● **About this task**: Below is a listing. Write out exactly its lines between the one holding "using R_sets by simp" and the one holding "using that j[of", inclusive.

● **Listed entries**:
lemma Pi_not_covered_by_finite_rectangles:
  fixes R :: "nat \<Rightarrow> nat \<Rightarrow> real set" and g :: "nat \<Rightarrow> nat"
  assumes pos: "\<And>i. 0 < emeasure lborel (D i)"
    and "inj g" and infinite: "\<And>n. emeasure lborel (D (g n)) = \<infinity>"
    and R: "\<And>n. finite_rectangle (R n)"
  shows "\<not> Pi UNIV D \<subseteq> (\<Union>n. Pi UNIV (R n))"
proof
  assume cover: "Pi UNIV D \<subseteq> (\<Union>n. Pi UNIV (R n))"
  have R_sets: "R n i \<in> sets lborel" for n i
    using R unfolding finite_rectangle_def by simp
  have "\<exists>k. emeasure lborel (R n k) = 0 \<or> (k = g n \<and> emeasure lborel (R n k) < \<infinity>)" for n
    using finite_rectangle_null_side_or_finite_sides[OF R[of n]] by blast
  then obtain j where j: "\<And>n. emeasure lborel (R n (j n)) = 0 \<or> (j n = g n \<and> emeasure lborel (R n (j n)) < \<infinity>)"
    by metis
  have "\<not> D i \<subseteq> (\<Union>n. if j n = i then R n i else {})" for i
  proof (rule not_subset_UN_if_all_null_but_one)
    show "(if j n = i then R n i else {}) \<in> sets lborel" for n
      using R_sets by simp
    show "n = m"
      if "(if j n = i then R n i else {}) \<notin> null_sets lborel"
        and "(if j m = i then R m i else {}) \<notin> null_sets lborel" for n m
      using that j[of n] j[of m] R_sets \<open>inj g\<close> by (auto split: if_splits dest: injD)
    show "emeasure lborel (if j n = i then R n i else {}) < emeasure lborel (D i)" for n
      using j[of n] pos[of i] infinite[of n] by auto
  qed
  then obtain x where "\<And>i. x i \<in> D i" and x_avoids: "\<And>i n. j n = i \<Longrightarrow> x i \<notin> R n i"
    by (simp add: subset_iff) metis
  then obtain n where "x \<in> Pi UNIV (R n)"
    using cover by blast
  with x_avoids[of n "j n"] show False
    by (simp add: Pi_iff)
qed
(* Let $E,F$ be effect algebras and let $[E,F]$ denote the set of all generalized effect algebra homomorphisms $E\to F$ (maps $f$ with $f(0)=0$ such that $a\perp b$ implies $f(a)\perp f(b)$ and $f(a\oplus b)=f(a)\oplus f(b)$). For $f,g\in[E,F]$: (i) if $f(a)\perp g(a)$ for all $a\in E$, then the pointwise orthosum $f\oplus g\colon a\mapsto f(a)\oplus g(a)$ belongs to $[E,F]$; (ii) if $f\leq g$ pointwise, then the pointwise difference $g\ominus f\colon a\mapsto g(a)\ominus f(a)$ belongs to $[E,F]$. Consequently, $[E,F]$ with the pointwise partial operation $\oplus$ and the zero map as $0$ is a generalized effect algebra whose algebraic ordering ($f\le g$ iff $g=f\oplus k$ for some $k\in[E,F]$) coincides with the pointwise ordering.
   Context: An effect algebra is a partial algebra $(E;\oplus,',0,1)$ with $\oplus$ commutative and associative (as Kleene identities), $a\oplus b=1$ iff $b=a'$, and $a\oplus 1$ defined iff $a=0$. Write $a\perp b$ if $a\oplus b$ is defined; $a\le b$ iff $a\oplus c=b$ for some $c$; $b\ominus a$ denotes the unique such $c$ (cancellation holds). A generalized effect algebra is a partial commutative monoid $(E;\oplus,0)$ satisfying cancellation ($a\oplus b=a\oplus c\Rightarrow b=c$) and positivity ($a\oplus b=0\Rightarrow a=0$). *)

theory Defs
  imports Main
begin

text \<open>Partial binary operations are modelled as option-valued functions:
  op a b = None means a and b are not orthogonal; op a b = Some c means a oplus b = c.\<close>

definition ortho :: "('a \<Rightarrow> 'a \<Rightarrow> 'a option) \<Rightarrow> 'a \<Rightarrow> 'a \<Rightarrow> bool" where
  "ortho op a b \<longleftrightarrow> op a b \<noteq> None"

● **Answer box**:
      using R_sets by simp
    show "n = m"
      if "(if j n = i then R n i else {}) \<notin> null_sets lborel"
        and "(if j m = i then R m i else {}) \<notin> null_sets lborel" for n m
      using that j[of n] j[of m] R_sets \<open>inj g\<close> by (auto split: if_splits dest: injD)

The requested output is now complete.